Callums in the short vests now as we really struggled to find 2 - 3 year vests with poppers, I guess cos thats when potty training usually occurs so they don't see the need to make them. We're potty training Callum in the new year anyway so we'd of needed to buy the non poppered vests anyway for then. Its just a shame in the winter when its cold outside, I always think the poppered vests are so much warmer xx


----------



## mum22ttc#3

LO stopped wearing popper vests at 2 years when we started potty training, the same time as she stopped wearing sleepsuits. Now we just use normal vests. :)


----------



## Jchihuahua

Daisy has worn normal vests without poppers since she was 18 months.


----------



## Seity

ASAP - Always hated dealing with the poppers, so as soon as he was big enough for us to find clothes in his size without them, he stopped wearing them.

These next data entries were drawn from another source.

lemma sum_tdelta_gx:
  assumes "i < n"
  shows "(\<Sum>(p, r)\<in>tidx n \<times> tidx n. smul (tdelta n q (tbas (i, 1)) (p, r)) (F p r))
    = F (i, 1) (i, 0) + F ((i + 1) mod n, 0) (i, 1)"
proof -
  have "(\<Sum>(p, r)\<in>tidx n \<times> tidx n. smul (tdelta n q (tbas (i, 1)) (p, r)) (F p r))
      = (\<Sum>(p, r)\<in>tidx n \<times> tidx n. if (p, r) = ((i, 1), (i, 0)) then F p r else 0)
      + (\<Sum>(p, r)\<in>tidx n \<times> tidx n. if (p, r) = (((i + 1) mod n, 0), (i, 1)) then F p r else 0)"
    unfolding sum.distrib[symmetric] tdelta_gx[OF assms]
    by (intro sum.cong refl) (auto simp: smul_add_left)
  also have "\<dots> = F (i, 1) (i, 0) + F ((i + 1) mod n, 0) (i, 1)"
    using assms two_le_n by (subst (1 2) sum_pairs_delta) auto
  finally show ?thesis .
qed

lemma act_g_mult: "i < n \<Longrightarrow> act (i, 0) (a * b) = act (i, 0) a * act (i, 0) b"
  using pact_mult[of "tbas (i, 0)" a b] two_le_n by (simp add: pact_tbas sum_tdelta_g)

lemma act_gx_mult:
  assumes "i < n"
  shows "act (i, 1) (a * b) = act (i, 1) a * act (i, 0) b + act ((i + 1) mod n, 0) a * act (i, 1) b"
  using pact_mult[of "tbas (i, 1)" a b] unfolding sum_tdelta_gx[OF assms]
  using assms two_le_n by (simp add: pact_tbas)

lemma act_g_act:
  "i < n \<Longrightarrow> k < n \<Longrightarrow> l < n \<Longrightarrow> act (i, 0) (act (k, l) a) = act (i, 0) 1 * act ((i + k) mod n, l) a"
  using pact_pact[of "tbas (i, 0)" "tbas (k, l)" a] by (simp add: pact_tbas sum_tdelta_g pact_tmul_tbas)

lemma act_gx_act:
  assumes "i < n" "k < n" "l < n"
  shows "act (i, 1) (act (k, l) a) = act (i, 1) 1 * act ((i + k) mod n, l) a
     + act ((i + 1) mod n, 0) 1 * (if Suc l < n then smul (q ^ k) (act ((i + k) mod n, Suc l) a) else 0)"
  using pact_pact[of "tbas (i, 1)" "tbas (k, l)" a] unfolding sum_tdelta_gx[OF assms(1)]
  using assms two_le_n by (simp add: pact_tbas pact_tmul_tbas)

end

locale taft_pact_g_one_eq_0 = taft_pact +
  assumes primitive: "primitive_root q n"
    and g_one: "act (1, 0) 1 = 0"
begin

abbreviation x_one where
  "x_one \<equiv> act (0, 1) 1"

lemma q_nonzero: "q \<noteq> 0"
  using primitive two_le_n by (simp add: primitive_root_nonzero)

lemma act_g_last_eq_0: "act (n - 1, 0) a = 0"
proof -
  have "act (n - 1, 0) 1 = 0"
    using act_g_act[of "n - 1" 1 0 1] two_le_n g_one by simp
  then show ?thesis
    using act_g_mult[of "n - 1" 1 a] two_le_n by simp
qed

lemma act_gx_last: "act (n - 1, 1) a = a * act (n - 1, 1) 1"
  using act_gx_mult[of "n - 1" a 1] act_g_last_eq_0[of 1] two_le_n by simp

lemma act_gx_last_one: "act (n - 1, 1) 1 = - smul q x_one"
  using act_gx_act[of "n - 1" 1 0 1] two_le_n g_one by (simp add: eq_neg_iff_add_eq_0)

lemma act_commute_gx_last_one:
  assumes "i < n" "j < n"
  shows "act (Suc i mod n, j) a * act (n - 1, 1) 1
    = act (n - 1, 1) 1 * act (i, j) a + smul (q ^ Suc i) (if Suc j < n then act (i, Suc j) a else 0)"
proof -
  have "(n - 1 + Suc i mod n) mod n = (n - 1 + Suc i) mod n"
    by (rule mod_add_right_eq)
  also have "n - 1 + Suc i = n + i"
    using two_le_n by simp
  finally have index: "(n - 1 + Suc i mod n) mod n = i"
    using assms by simp
  have wrap: "(n - 1 + 1) mod n = 0" and q_power: "q ^ (Suc i mod n) = q ^ Suc i"
    using two_le_n primitive by (simp_all add: primitive_root_def power_mod_if_power_eq_1)
  have "act (n - 1, 1) (act (Suc i mod n, j) a)
      = act (n - 1, 1) 1 * act ((n - 1 + Suc i mod n) mod n, j) a + act ((n - 1 + 1) mod n, 0) 1
        * (if Suc j < n then smul (q ^ (Suc i mod n)) (act ((n - 1 + Suc i mod n) mod n, Suc j) a) else 0)"
    using assms two_le_n by (intro act_gx_act) auto
  then show ?thesis
    unfolding act_gx_last[of "act (Suc i mod n, j) a"] index wrap q_power act_unit mult_1_left
    by (simp only: if_distrib[of "smul _"] smul_zero)
qed

lemma act_x_recurrence:
  assumes "i < n" "j < n"
  shows "(if Suc j < n then act (i, Suc j) a else 0)
    = smul (inverse q ^ i) (x_one * act (i, j) a - act (Suc i mod n, j) a * x_one)"
proof -
  define P where "P = act (Suc i mod n, j) a"
  define Q where "Q = act (i, j) a"
  define T where "T = (if Suc j < n then act (i, Suc j) a else 0)"
  have "smul (q ^ Suc i) T = smul q (x_one * Q - P * x_one)"
    using act_commute_gx_last_one[OF assms, of a] unfolding act_gx_last_one
    by (simp add: P_def Q_def T_def smul_mult_left smul_mult_right smul_diff_right algebra_simps)
  moreover have "inverse q ^ Suc i * q ^ Suc i = 1"
    using q_nonzero by (metis left_inverse power_mult_distrib power_one)
  ultimately have "T = smul (inverse q ^ Suc i * q) (x_one * Q - P * x_one)"
    by (metis smul_one smul_smul)
  also have "inverse q ^ Suc i * q = inverse q ^ i"
    using q_nonzero by simp
  finally show ?thesis
    by (simp add: T_def P_def Q_def)
qed

lemma x_one_power_commute: "x_one ^ n * a = a * x_one ^ n"
proof (rule commute_if_scaled_anticommute)
  fix b
  define F where "F i j = (if j < n then act (i mod n, j) b else 0)" for i j
  have inverse_primitive: "primitive_root (inverse q) n"
    using primitive by (rule primitive_root_inverse)
  have "F i (Suc j) = smul (inverse q ^ i) (x_one * F i j - F (Suc i) j * x_one)" if "j < n" for i j
    using act_x_recurrence[of "i mod n" j b] that two_le_n inverse_primitive
    by (simp add: F_def mod_Suc_eq primitive_root_def power_mod_if_power_eq_1)
  then have "F 0 n = x_one ^ n * F 0 0 + smul ((-1) ^ n * inverse q ^ (n choose 2)) (F n 0 * x_one ^ n)"
    using two_le_n inverse_primitive
    by (intro iterated_qcommutator_root_of_unity) (auto simp: primitive_root_def)
  then show "x_one ^ n * b + smul ((-1) ^ n * inverse q ^ (n choose 2)) (b * x_one ^ n) = 0"
    using two_le_n by (simp add: F_def)
qed

lemma act_g_power_x_one:
  assumes i: "i < n"
  shows "act (i, 0) x_one = smul (inverse q ^ i) (act (i, 0) 1 * x_one)"
proof -
  define e where "e = act (i, 0) 1"
  define e' where "e' = act (Suc i mod n, 0) 1"
  have "act (i, 0) x_one = e * act (i, 1) 1"
    using act_g_act[of i 0 1 1] i two_le_n by (simp add: e_def)
  also have "act (i, 1) 1 = smul (inverse q ^ i) (x_one * e - e' * x_one)"
    using act_x_recurrence[of i 0 1] i two_le_n by (simp add: e_def e'_def)
  finally have "act (i, 0) x_one = smul (inverse q ^ i) (e * x_one * e - e * e' * x_one)"
    by (simp add: smul_mult_right right_diff_distrib mult.assoc)
  moreover have "e * e' = 0"
    using act_g_act[of i 1 0 1] i two_le_n g_one by (simp add: e_def e'_def)
  moreover have "e * x_one * e = e * x_one"
  proof -
    have "act (i, 0) (act ((n - i) mod n, 0) x_one) = e * x_one"
      using act_g_act[of i "(n - i) mod n" 0 x_one] i by (simp add: e_def mod_add_right_eq)
    moreover have "act (i, 0) (act ((n - i) mod n, 0) x_one * 1)
        = act (i, 0) (act ((n - i) mod n, 0) x_one) * e"
      using act_g_mult[of i "act ((n - i) mod n, 0) x_one" 1] i by (simp add: e_def)
    ultimately show ?thesis by simp
  qed
  ultimately show ?thesis
    by (simp add: e_def)
qed

lemma x_one_eq_0_if_act_g_power_trivial:
  assumes "0 < i" "i < n" and trivial: "\<And>a. act (i, 0) a = a"
  shows "x_one = 0"
proof -
  have "x_one = smul (inverse q ^ i) x_one"
    using act_g_power_x_one[OF \<open>i < n\<close>] trivial by simp
  then have "smul (1 - inverse q ^ i) x_one = 0"
    by (simp add: smul_diff_left)
  moreover have "1 - inverse q ^ i \<noteq> 0"
    using primitive_root_inverse[OF primitive] assms by (simp add: primitive_root_def)
  ultimately show ?thesis
    by (metis smul_smul smul_one smul_zero left_inverse)
qed

end

theorem corollary3p4:
  fixes q :: "'k::field" and n :: nat
    and smul :: "'k \<Rightarrow> 'a::{ring, monoid_mult} \<Rightarrow> 'a"
    and act :: "nat \<times> nat \<Rightarrow> 'a \<Rightarrow> 'a"
  assumes "n \<ge> 2"
    and "primitive_root q n"
    and "kalgebra smul"
    and "taft_partial_action n q smul act"
    and "act (1, 0) 1 = 0"
  shows "(\<forall>a. (act (0, 1) 1) ^ n * a = a * (act (0, 1) 1) ^ n)
       \<and> (\<forall>i < n. act (i, 0) (act (0, 1) 1) = smul ((inverse q) ^ i) (act (i, 0) 1 * act (0, 1) 1))
       \<and> ((\<exists>i\<in>{2..n-1}. \<forall>a. act (i, 0) a = a) \<longrightarrow> act (0, 1) 1 = 0)"
proof -
  interpret taft_pact_g_one_eq_0 smul n q act
    using assms by unfold_locales (simp_all add: k_algebra_def)
  have "act (0, 1) 1 = 0" if "i \<in> {2..n-1}" "\<forall>a. act (i, 0) a = a" for i
    using that two_le_n by (intro x_one_eq_0_if_act_g_power_trivial[of i]) auto
  then show ?thesis
    using x_one_power_commute act_g_power_x_one by blast
qed

end
lemma CF_eq_sum_prefix_slices:
  assumes "n \<ge> 1" "A \<in> CF (n + 1)"
  shows "A = cf_add (cf_add (cf_add (cf_prefix 1 1 (cf_slice 1 1 A)) (cf_prefix 1 (-1) (cf_slice 1 (-1) A)))
      (cf_prefix (-1) 1 (cf_slice (-1) 1 A))) (cf_prefix (-1) (-1) (cf_slice (-1) (-1) A))"
proof -
  have "cf_slice a b A \<in> CF n" for a b
    using assms by (rule cf_slice_CF)
  then have "cf_prefix a b (cf_slice c d A) \<in> CF (n + 1)" if "a \<in> {1, -1}" "b \<in> {1, -1}" for a b c d
    using assms(1) that by (intro cf_prefix_CF)
  then show ?thesis
    using assms finite_CF[OF assms(2)]
    by (subst CF_eq_iff_slices[OF assms(1)]) (auto intro!: cf_add_CF)
qed

lemma cf_pi_eq_sum_slices:
  assumes "n \<ge> 1" "A \<in> CF (n + 1)"
  shows "cf_pi A = cf_add (cf_add (cf_add (cf_slice 1 1 A) (cf_slice 1 (-1) A)) (cf_slice (-1) 1 A))
      (cf_slice (-1) (-1) A)"
  using finite_CF[OF assms(2)]
  by (subst CF_eq_sum_prefix_slices[OF assms]) (simp add: cf_pi_cf_add cf_pi_cf_prefix)

lemma cf_slice_cf_decomp:
  assumes "finite u" "finite v" "finite w" "finite t"
  shows "cf_slice 1 1 (cf_decomp u v w t) = cf_add (cf_add u w) t"
    and "cf_slice 1 (-1) (cf_decomp u v w t) = v"
    and "cf_slice (-1) 1 (cf_decomp u v w t) = cf_add v w"
    and "cf_slice (-1) (-1) (cf_decomp u v w t) = u"
  using assms by (auto simp: cf_decomp_def set_eq_iff)

lemma cf_decomp_CF:
  assumes "n \<ge> 1" "u \<in> CF n" "v \<in> CF n" "w \<in> CF n" "t \<in> CF n"
  shows "cf_decomp u v w t \<in> CF (n + 1)"
  unfolding cf_decomp_def using assms by (intro cf_add_CF cf_prefix_CF) auto

lemma cf_decomp_inject:
  assumes "finite u" "finite v" "finite w" "finite t" "finite u'" "finite v'" "finite w'" "finite t'"
    and "cf_decomp u v w t = cf_decomp u' v' w' t'"
  shows "u = u' \<and> v = v' \<and> w = w' \<and> t = t'"
proof -
  have "cf_slice a b (cf_decomp u v w t) = cf_slice a b (cf_decomp u' v' w' t')" for a b
    using assms(9) by simp
  then show ?thesis
    using cf_slice_cf_decomp[OF assms(1-4)] cf_slice_cf_decomp[OF assms(5-8)]
    by (auto simp: set_eq_iff)
qed

lemma CF_eq_cf_decomp_slices:
  assumes "n \<ge> 1" "x \<in> CF (n + 1)"
  shows "x = cf_decomp (cf_slice (-1) (-1) x) (cf_slice 1 (-1) x)
      (cf_add (cf_slice (-1) 1 x) (cf_slice 1 (-1) x)) (cf_pi x)"
    (is "x = cf_decomp ?u ?v ?w ?t")
proof -
  have "cf_slice a b x \<in> CF n" for a b
    using assms by (rule cf_slice_CF)
  then have CFs: "?u \<in> CF n" "?v \<in> CF n" "?w \<in> CF n" "?t \<in> CF n"
    unfolding cf_pi_eq_sum_slices[OF assms] by (auto intro!: cf_add_CF)
  note decomp_slices = cf_slice_cf_decomp[OF CFs[THEN finite_CF]]
  have decomp_CF: "cf_decomp ?u ?v ?w ?t \<in> CF (n + 1)"
    using assms(1) CFs by (rule cf_decomp_CF)
  show ?thesis
  proof (rule iffD2[OF CF_eq_iff_slices[OF assms decomp_CF]])
    show "\<forall>a\<in>{1, -1}. \<forall>b\<in>{1, -1}. cf_slice a b x = cf_slice a b (cf_decomp ?u ?v ?w ?t)"
      using decomp_slices unfolding cf_pi_eq_sum_slices[OF assms]
      by (auto simp: set_eq_iff; argo)
  qed
qed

It's really hard to find under 12 month clothes without them and he didn't outgrow that size for ages.


----------



## bubba no.1

My lg is 19 months and will definitely carry on wearing them through winter if nothing else :)


----------



## Finny88

Ok I am confused is a vest a onsie?! Most of the time I can get the different lingo


----------



## kimberleyrobx

Finny88 said:


> Ok I am confused is a vest a onsie?! Most of the time I can get the different lingo

a popper vest 
https://www.google.co.uk/imgres?um=...=129&start=0&ndsp=36&ved=1t:429,r:6,s:0,i:106


----------